lemma tendsto_0_if_eventually_le_exp:
  fixes f X :: "nat \<Rightarrow> real"
  assumes X: "filterlim X at_top sequentially" and a: "0 < a"
    and f: "\<And>n. 0 \<le> f n" "\<forall>\<^sub>F n in sequentially. f n \<le> exp (- a * X n)"
  shows "f \<longlonglongrightarrow> 0"
proof -
  have "((\<lambda>x. exp (- a * x)) \<longlongrightarrow> 0) at_top" using a by real_asymp
  then have "(\<lambda>n. exp (- a * X n)) \<longlonglongrightarrow> 0" by (rule filterlim_compose[OF _ X])
  then show ?thesis by (intro tendsto_sandwich[OF _ f(2) tendsto_const]) (simp_all add: f(1))
qed

lemma fourth_root_powers:
  fixes N :: real
  assumes "0 < N"
  shows "(N powr (1/4))^4 = N" "sqrt N = (N powr (1/4))^2" "N powr (3/2) = (N powr (1/4))^6"
  using assms by (simp_all add: powr_powr powr_half_sqrt flip: powr_realpow)

lemma fourth_root_odd_filterlim: "filterlim (\<lambda>n::nat. real (2 * n + 1) powr (1/4)) at_top sequentially"
  by real_asymp

lemma upper_tail_tendsto_0:
  fixes t c :: real
  assumes t: "0 < t" and c: "1 < c * t"
  shows "(\<lambda>n. measure (coal_from_units (2 * n + 1) (t / real (2 * n + 1) powr (3/2)))
    {y. c * sqrt (real (2 * n + 1)) \<le> real (length y)}) \<longlonglongrightarrow> 0"
proof -
  define d where "d = (c * t - 1) / 2"
  define X where "X n = real (2 * n + 1) powr (1/4)" for n :: nat
  have c0: "0 < c" using t c by (smt (verit) mult_nonpos_nonneg)
  have d: "0 < d" unfolding d_def using c by simp
  have "(1 + d) / c < t" unfolding d_def using c0 c t by (simp add: field_simps)
  then obtain k where k: "(1 + d) / c < k" "k < t" using dense by blast
  have "((\<lambda>x. (1 + d) * x^2 / (c * x^2 - 3)) \<longlongrightarrow> (1 + d) / c) at_top" using c0 by (real_asymp simp: divide_inverse)
  then have "\<forall>\<^sub>F x in at_top. (1 + d) * x^2 / (c * x^2 - 3) < k" using k(1) by (rule order_tendstoD)
  moreover have "\<forall>\<^sub>F x in at_top. 0 < (x :: real)" by (rule eventually_gt_at_top)
  moreover have "\<forall>\<^sub>F x in at_top. 3 < c * x^2" using c0 by real_asymp
  moreover have "\<forall>\<^sub>F x in at_top. (1 + d) * x^7 \<le> d * (c * x^2 - 3)^2 * x^4 / 2" using c0 d by real_asymp
  ultimately have "\<forall>\<^sub>F x in at_top. 0 < x \<and> 3 < c * x^2
      \<and> (1 + d) * x^7 \<le> d * (c * x^2 - 3)^2 * x^4 / 2 \<and> (1 + d) * x^2 / (c * x^2 - 3) < k"
    by eventually_elim auto
  from eventually_compose_filterlim[OF this fourth_root_odd_filterlim, folded X_def]
  have "\<forall>\<^sub>F n in sequentially. measure (coal_from_units (2 * n + 1) (t / real (2 * n + 1) powr (3/2)))
      {y. c * sqrt (real (2 * n + 1)) \<le> real (length y)} \<le> exp (- (t - k) * X n)"
  proof eventually_elim
    case (elim n)
    have "0 < real (2 * n + 1)" by simp
    note X = fourth_root_powers[OF this, folded X_def]
    show ?case unfolding coal_from_units_def X(2,3)
      using upper_tail_scaled[OF X(1)[symmetric], of d c k t] elim d by simp
  qed
  then show ?thesis using k
    by (intro tendsto_0_if_eventually_le_exp[OF fourth_root_odd_filterlim, folded X_def, of "t - k"])
      (simp_all add: measure_nonneg)
qed
text \<open>Let \<open>K\<close> be a division subring normalized by the maximal subgroup \<open>M\<close>. Its normalizer
  in \<open>D\<^sup>*\<close> contains \<open>M\<close>, so either it is \<open>D\<^sup>*\<close>, and then \<open>K = D\<close> or \<open>K\<close> is central by
  the Cartan-Brauer-Hua theorem, or \<open>K\<^sup>* \<subseteq> M\<close>, and then \<open>K\<close> is commutative by Hua's theorem,
  because the commutators of the metabelian group \<open>M\<close> commute. If moreover \<open>A \<subseteq> K\<close> and
  \<open>K\<close> is commutative, then \<open>K \<inter> M\<close> is an abelian normal subgroup of \<open>M\<close> containing \<open>A\<close>,
  so \<open>K \<inter> M = A\<close>.

  Applied to \<open>K = F(A \<union> E)\<close> with \<open>E = F(M')\<close> this shows \<open>M' \<subseteq> A\<close>; the alternative
  \<open>K = D\<close> is impossible, because then every commutator of \<open>a \<in> A\<close> and \<open>e \<in> E\<close> would be
  central, which forces \<open>a\<close> and \<open>e\<close> to commute and \<open>D\<close> to be commutative. Hence every
  \<open>N \<supseteq> A\<close> is normal in \<open>M\<close>, and applied to \<open>K = F(N)\<close> the alternative \<open>K \<inter> M = A\<close>
  contradicts \<open>A \<subset> N\<close>.\<close>

section \<open>Multiplicative subgroups of \<open>D\<^sup>*\<close>\<close>

lemma Dstar_simps [simp]:
  "carrier (Dstar :: 'a::division_ring monoid) = - {0}"
  "mult (Dstar :: 'a::division_ring monoid) = (*)"
  "one (Dstar :: 'a::division_ring monoid) = 1"
  by (simp_all add: Dstar_def)

lemma abelian_set_Dstar_iff:
  "abelian_set (Dstar :: 'a::division_ring monoid) S \<longleftrightarrow> (\<forall>x\<in>S. \<forall>y\<in>S. x * y = y * x)"
  by (simp add: abelian_set_def)

lemma group_Dstar: "group (Dstar :: 'a::division_ring monoid)"
proof (rule groupI)
  show "\<exists>y\<in>carrier Dstar. y \<otimes>\<^bsub>Dstar\<^esub> x = \<one>\<^bsub>Dstar\<^esub>" if "x \<in> carrier Dstar" for x :: 'a
    using that by (intro bexI[of _ "inverse x"]) simp_all
qed (simp_all add: mult.assoc)

lemma inv_Dstar_restrict:
  fixes S :: "'a::division_ring set"
  assumes "x \<in> S" "inverse x \<in> S" "x \<noteq> 0"
  shows "inv\<^bsub>Dstar\<lparr>carrier := S\<rparr>\<^esub> x = inverse x"
  unfolding m_inv_def using assms
  by (intro the_equality) (auto simp: Dstar_def intro: inverse_unique[symmetric])

lemma inv_Dstar:
  fixes x :: "'a::division_ring"
  assumes "x \<noteq> 0"
  shows "inv\<^bsub>Dstar\<^esub> x = inverse x"
  unfolding m_inv_def using assms
  by (intro the_equality) (auto simp: Dstar_def intro: inverse_unique[symmetric])

definition mult_subgroup :: "'a::division_ring set \<Rightarrow> bool" where
  "mult_subgroup H \<longleftrightarrow>
     H \<subseteq> - {0} \<and> 1 \<in> H \<and> (\<forall>x\<in>H. \<forall>y\<in>H. x * y \<in> H) \<and> (\<forall>x\<in>H. inverse x \<in> H)"

lemma mult_subgroupD:
  assumes "mult_subgroup H"
  shows "x \<in> H \<Longrightarrow> x \<noteq> 0" and "1 \<in> H"
    and "x \<in> H \<Longrightarrow> y \<in> H \<Longrightarrow> x * y \<in> H" and "x \<in> H \<Longrightarrow> inverse x \<in> H"
  using assms by (auto simp: mult_subgroup_def)

lemma mult_subgroup_Int: "mult_subgroup H \<Longrightarrow> mult_subgroup K \<Longrightarrow> mult_subgroup (H \<inter> K)"
  by (auto simp: mult_subgroup_def)

lemma subgroup_Dstar_iff: "subgroup H (Dstar :: 'a::division_ring monoid) \<longleftrightarrow> mult_subgroup H"
proof
  assume "subgroup H (Dstar :: 'a monoid)"
  then interpret subgroup H "Dstar :: 'a monoid" .
  have "inverse x \<in> H" if "x \<in> H" for x
  proof -
    have "x \<noteq> 0" using subset that by auto
    then show ?thesis using m_inv_closed[OF that] by (simp add: inv_Dstar)
  qed
  then show "mult_subgroup H"
    unfolding mult_subgroup_def using subset m_closed one_closed by auto
next
  assume "mult_subgroup H"
  then show "subgroup H (Dstar :: 'a monoid)"
    by unfold_locales (auto simp: mult_subgroup_def subset_iff inv_Dstar)
qed
(* Let $(v_0,V,E,\pi)$ be an oriented F-graph that is acyclic and independent, with $\pi:E\to\mathbb{R}_{>0}$. Define $\mathrm{Out}:V\to\mathbb{R}_{\ge0}$ by the recurrence $$\mathrm{Out}(s)=\mathbf{1}_{s=v_0}+\sum_{\substack{e'\in E\\ s\in\mathbf{h}(e')}}\pi(e')\,\mathrm{Out}(t(e'))\prod_{\substack{s'\in\mathbf{h}(e')\\ s'\neq s}}W(s').$$ Then for every arc $e\in E$, $$\sum_{\substack{p\in\mathcal{P}(v_0)\\ e\in p}}\pi(p)=\mathrm{Out}(t(e))\cdot\pi(e)\cdot\prod_{s'\in\mathbf{h}(e)}W(s'),$$ and consequently the probability that a random F-path $p\in\mathcal{P}(v_0)$, drawn with probability $\pi(p)/W(v_0)$, uses the arc $e$ equals $$p_e=\frac{\mathrm{Out}(t(e))\cdot\pi(e)\cdot\prod_{s'\in\mathbf{h}(e)}W(s')}{W(v_0)}.$$
   Context: An F-graph is a pair $(V,E)$ where $V$ is a finite set of vertices and $E$ is a finite set of F-arcs; an F-arc $e=(t(e)\to\mathbf{h}(e))$ has a single tail vertex $t(e)\in V$ and a head $\mathbf{h}(e)=(t_1,\dots,t_r)$, a finite (possibly empty) ordered list of vertices. The F-paths from $s\in V$ are defined recursively: for any arc $e=(s\to(t_1,\dots,t_r))\in E$ and any F-paths $p_1,\dots,p_r$ from $t_1,\dots,t_r$, the tree $\langle e;p_1,\dots,p_r\rangle$ is an F-path from $s$ (a leaf if $r=0$). $\mathcal{P}(s)$ is the set of F-paths from $s$; "$e\in p$" means that $e$ is the arc used at some node of $p$. The F-graph is acyclic if the directed graph on $V$ with an edge $s\to u$ whenever $u$ occurs in the head of an arc with tail $s$ has no directed cycle; it is independent if in every F-path (from any root) each vertex of $V$ labels at most one node. An oriented F-graph $(v_0,V,E,\pi)$ is a weighted independent F-graph with a distinguished initial vertex $v_0\in V$. The weight of an F-path is $\pi(p)=\prod_{\text{nodes }x}\pi(e_x)$, $e_x$ being the arc used at node $x$, and $W(s)=\sum_{p\in\mathcal{P}(s)}\pi(p)$ (empty sum $0$, empty product $1$); $\mathbf{1}_{s=v_0}$ is $1$ if $s=v_0$ and $0$ otherwise. *)

theory Defs
  imports Complex_Main
begin

text \<open>F-paths are finite rooted ordered trees whose nodes are labelled by arcs.\<close>
datatype 'e fpath = FNode 'e "'e fpath list"

text \<open>An F-graph is given by a vertex set V, an arc set E, a tail map and a head map
  (head e is an ordered, possibly empty, list of vertices).\<close>

inductive is_fpath :: "'e set \<Rightarrow> ('e \<Rightarrow> 'v) \<Rightarrow> ('e \<Rightarrow> 'v list) \<Rightarrow> 'v \<Rightarrow> 'e fpath \<Rightarrow> bool"
  for E tail heads where
  mk: "e \<in> E \<Longrightarrow> tail e = s \<Longrightarrow> list_all2 (is_fpath E tail heads) (heads e) ps
       \<Longrightarrow> is_fpath E tail heads s (FNode e ps)"

fun fpath_arcs :: "'e fpath \<Rightarrow> 'e list" where
  "fpath_arcs (FNode e ps) = e # concat (map fpath_arcs ps)"

definition fpath_weight :: "('e \<Rightarrow> real) \<Rightarrow> 'e fpath \<Rightarrow> real" where
  "fpath_weight \<pi> p = prod_list (map \<pi> (fpath_arcs p))"

definition W :: "'e set \<Rightarrow> ('e \<Rightarrow> 'v) \<Rightarrow> ('e \<Rightarrow> 'v list) \<Rightarrow> ('e \<Rightarrow> real) \<Rightarrow> 'v \<Rightarrow> real" where
  "W E tail heads \<pi> s = (\<Sum>p\<in>{p. is_fpath E tail heads s p}. fpath_weight \<pi> p)"

definition is_fgraph :: "'v set \<Rightarrow> 'e set \<Rightarrow> ('e \<Rightarrow> 'v) \<Rightarrow> ('e \<Rightarrow> 'v list) \<Rightarrow> bool" where
  "is_fgraph V E tail heads \<longleftrightarrow> finite V \<and> finite E \<and>
     (\<forall>e\<in>E. tail e \<in> V \<and> set (heads e) \<subseteq> V)"

definition fgraph_acyclic :: "'e set \<Rightarrow> ('e \<Rightarrow> 'v) \<Rightarrow> ('e \<Rightarrow> 'v list) \<Rightarrow> bool" where
  "fgraph_acyclic E tail heads \<longleftrightarrow> acyclic {(s, u). \<exists>e\<in>E. tail e = s \<and> u \<in> set (heads e)}"

text \<open>Independent: in every F-path (from any root) each vertex labels at most one node,
  the label of a node being the tail of its arc.\<close>
definition fgraph_independent :: "'e set \<Rightarrow> ('e \<Rightarrow> 'v) \<Rightarrow> ('e \<Rightarrow> 'v list) \<Rightarrow> bool" where
  "fgraph_independent E tail heads \<longleftrightarrow>
     (\<forall>s p. is_fpath E tail heads s p \<longrightarrow> distinct (map tail (fpath_arcs p)))"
......
◆ About this task ◆
Take the lines above from the one containing "datatype 'e fpath" down to the one containing "list) \<Rightarrow> ('e", and transcribe them exactly, both ends included.

◆ Expected answer ◆
datatype 'e fpath = FNode 'e "'e fpath list"

text \<open>An F-graph is given by a vertex set V, an arc set E, a tail map and a head map
  (head e is an ordered, possibly empty, list of vertices).\<close>

inductive is_fpath :: "'e set \<Rightarrow> ('e \<Rightarrow> 'v) \<Rightarrow> ('e \<Rightarrow> 'v list) \<Rightarrow> 'v \<Rightarrow> 'e fpath \<Rightarrow> bool"
  for E tail heads where
  mk: "e \<in> E \<Longrightarrow> tail e = s \<Longrightarrow> list_all2 (is_fpath E tail heads) (heads e) ps
       \<Longrightarrow> is_fpath E tail heads s (FNode e ps)"

fun fpath_arcs :: "'e fpath \<Rightarrow> 'e list" where
  "fpath_arcs (FNode e ps) = e # concat (map fpath_arcs ps)"

definition fpath_weight :: "('e \<Rightarrow> real) \<Rightarrow> 'e fpath \<Rightarrow> real" where
  "fpath_weight \<pi> p = prod_list (map \<pi> (fpath_arcs p))"

definition W :: "'e set \<Rightarrow> ('e \<Rightarrow> 'v) \<Rightarrow> ('e \<Rightarrow> 'v list) \<Rightarrow> ('e \<Rightarrow> real) \<Rightarrow> 'v \<Rightarrow> real" where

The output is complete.